• **Exercise data**:
(* Let $A\in GL(4,\mathbb{R})$ satisfy condition (E) (defined in the context). \begin{enumerate} \item If the matrix $A^2$ also satisfies condition (E), then $(\det A)^2=1$. \item If $(\det A)^2=1$, then there exists $k\in S^1$ such that $A$ is $k$-congruent; moreover, either such a $k$ is unique, or $A$ is $k$-congruent for every $k\in S^1$. \end{enumerate} Furthermore, let $A_1,A_2\in GL(4,\mathbb{R})$ be $k_1$-congruent and $k_2$-congruent respectively, with $k_1,k_2\in S^1$, and suppose $k_1$ is uniquely determined (i.e. $A_1$ is $k$-congruent only for $k=k_1$). If $A_1A_2$ (resp. $A_2A_1$) is $k$-congruent for some $k\in S^1$, then $A_1A_2$ (resp. $A_2A_1$) is $k_1$-congruent.
   Context: For $A\in GL(4,\mathbb{R})$ write in block form $A=\begin{pmatrix} a_{00} & \mathbf{a_h}\\ \mathbf{a_v}^t & \hat A\end{pmatrix}$, $A^{-1}=\begin{pmatrix} \tilde a_{00} & \mathbf{\tilde a_h}\\ \mathbf{\tilde a_v}^t & \tilde A\end{pmatrix}$, with $a_{00},\tilde a_{00}\in\mathbb{R}$, $\mathbf{a_h},\mathbf{a_v},\mathbf{\tilde a_h},\mathbf{\tilde a_v}\in\mathbb{R}^3$ (row vectors) and $\hat A,\tilde A$ $3\times3$ matrices. Condition (E) on $A$ means: $\tilde a_{00}=a_{00}$ and $\tilde A=\hat A^t$. Let $S^1=\mathbb{R}\cup\{\omega\}$ (the extended real line with $+\infty$ and $-\infty$ identified to one point $\omega$). For $k\in\mathbb{R}$ let $I^{(k)}=\mathrm{diag}(k,1,1,1)$ and $O^{(k)}(4,\mathbb{R})=\{A\in GL(4,\mathbb{R}) : (\det A)^2=1,\ A^tI^{(k)}A=I^{(k)}\}$; and $O^{(\omega)}(4,\mathbb{R})=\{A\in GL(4,\mathbb{R}) : A^t\in O^{(0)}(4,\mathbb{R})\}$. A matrix $A$ is called $k$-congruent if $A\in O^{(k)}(4,\mathbb{R})$. *)

theory Defs
  imports "HOL-Analysis.Analysis"
begin

text \<open>4x4 real matrices indexed by the numeral type 4 = {0,1,2,3}; index 0 is the
  distinguished first row/column.\<close>
type_synonym mat4 = "real^4^4"

definition condE :: "mat4 \<Rightarrow> bool" where
  "condE A \<longleftrightarrow> matrix_inv A $ 0 $ 0 = A $ 0 $ 0 \<and>
     (\<forall>i j::4. i \<noteq> 0 \<longrightarrow> j \<noteq> 0 \<longrightarrow> matrix_inv A $ i $ j = A $ j $ i)"

text \<open>The circle S^1 = R \<union> {\<omega>}.\<close>
datatype S1 = Fin real | Omega

definition Ik :: "real \<Rightarrow> mat4" where
  "Ik k = (\<chi> i j. if i = j then (if i = 0 then k else 1) else 0)"

definition Ok :: "real \<Rightarrow> mat4 set" where
  "Ok k = {A. invertible A \<and> (det A)^2 = 1 \<and> transpose A ** Ik k ** A = Ik k}"

definition Oext :: "S1 \<Rightarrow> mat4 set" where
  "Oext k = (case k of Fin r \<Rightarrow> Ok r | Omega \<Rightarrow> {A. invertible A \<and> transpose A \<in> Ok 0})"

definition kcong :: "S1 \<Rightarrow> mat4 \<Rightarrow> bool" where
  "kcong k A \<longleftrightarrow> A \<in> Oext k"

end

theory Submission
  imports Defs
begin

text \<open>Write \<open>A\<close> in block form with corner \<open>a\<close>, top row \<open>h\<close>, left column \<open>v\<close> and lower
  block \<open>M\<close>. Then \<open>O(0)\<close> consists of the matrices with \<open>v = 0\<close>, \<open>a\<^sup>2 = 1\<close> and \<open>M\<close>
  orthogonal, and \<open>O(\<omega>)\<close> of those with \<open>h = 0\<close> instead; a matrix congruent for two values
  of \<open>k\<close> is block diagonal \<open>diag(\<plusminus>1, Q)\<close>, hence congruent for all of them.

  Condition (E) turns the lower block of \<open>A\<inverse> A = 1\<close> into \<open>M\<^sup>T M = 1 - v' h\<^sup>T\<close>, where \<open>v'\<close>
  is the left column of \<open>A\<inverse>\<close>; symmetry forces \<open>v' = k h\<close>, and then \<open>A\<^sup>T I(k) A\<close> agrees with
  \<open>I(k)\<close> except possibly in the corner. If \<open>(det A)\<^sup>2 = 1\<close> the determinant fixes the corner;
  condition (E) for \<open>A\<^sup>2\<close> fixes it directly, and \<open>(det A)\<^sup>2 = 1\<close> follows.

  For products: if \<open>X \<in> O(a)\<close>, \<open>Y \<in> O(b)\<close>, \<open>Z \<in> O(c)\<close>, \<open>X Y Z = 1\<close> and \<open>a, b, c\<close> are
  distinct, then one of \<open>X, Y, Z\<close> is block diagonal. This is invariant under permuting the
  triple and under transposition, which maps \<open>O(k)\<close> to \<open>O(1/k)\<close> and exchanges \<open>0\<close> and \<open>\<omega>\<close>;
  so only finite \<open>a, b, c\<close> and the triple \<open>(0, \<omega>, k)\<close> remain. In the finite case
  \<open>I(c) - I(b)\<close>, a multiple of \<open>e\<^sub>0 e\<^sub>0\<^sup>T\<close>, is a combination of the rank-one matrices built
  from the first rows of \<open>Y\<close> and \<open>X Y\<close>, which forces the first row of \<open>Y\<close> to be \<open>\<plusminus>e\<^sub>0\<close>.\<close>

section \<open>Outer products\<close>

definition outer :: "'a::comm_semiring_1^'m \<Rightarrow> 'a^'n \<Rightarrow> 'a^'n^'m" where
  "outer u w = (\<chi> i j. u $ i * w $ j)"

• **What needs to be done**: Everything from the line holding "block \<open>M\<close>. Then" through the final line of the material must be given again exactly, and nothing outside that stretch.

• **Response to this task**:
  block \<open>M\<close>. Then \<open>O(0)\<close> consists of the matrices with \<open>v = 0\<close>, \<open>a\<^sup>2 = 1\<close> and \<open>M\<close>
  orthogonal, and \<open>O(\<omega>)\<close> of those with \<open>h = 0\<close> instead; a matrix congruent for two values
  of \<open>k\<close> is block diagonal \<open>diag(\<plusminus>1, Q)\<close>, hence congruent for all of them.

  Condition (E) turns the lower block of \<open>A\<inverse> A = 1\<close> into \<open>M\<^sup>T M = 1 - v' h\<^sup>T\<close>, where \<open>v'\<close>
  is the left column of \<open>A\<inverse>\<close>; symmetry forces \<open>v' = k h\<close>, and then \<open>A\<^sup>T I(k) A\<close> agrees with
  \<open>I(k)\<close> except possibly in the corner. If \<open>(det A)\<^sup>2 = 1\<close> the determinant fixes the corner;
  condition (E) for \<open>A\<^sup>2\<close> fixes it directly, and \<open>(det A)\<^sup>2 = 1\<close> follows.

  For products: if \<open>X \<in> O(a)\<close>, \<open>Y \<in> O(b)\<close>, \<open>Z \<in> O(c)\<close>, \<open>X Y Z = 1\<close> and \<open>a, b, c\<close> are
  distinct, then one of \<open>X, Y, Z\<close> is block diagonal. This is invariant under permuting the
  triple and under transposition, which maps \<open>O(k)\<close> to \<open>O(1/k)\<close> and exchanges \<open>0\<close> and \<open>\<omega>\<close>;
  so only finite \<open>a, b, c\<close> and the triple \<open>(0, \<omega>, k)\<close> remain. In the finite case
  \<open>I(c) - I(b)\<close>, a multiple of \<open>e\<^sub>0 e\<^sub>0\<^sup>T\<close>, is a combination of the rank-one matrices built
  from the first rows of \<open>Y\<close> and \<open>X Y\<close>, which forces the first row of \<open>Y\<close> to be \<open>\<plusminus>e\<^sub>0\<close>.\<close>

section \<open>Outer products\<close>

definition outer :: "'a::comm_semiring_1^'m \<Rightarrow> 'a^'n \<Rightarrow> 'a^'n^'m" where
  "outer u w = (\<chi> i j. u $ i * w $ j)"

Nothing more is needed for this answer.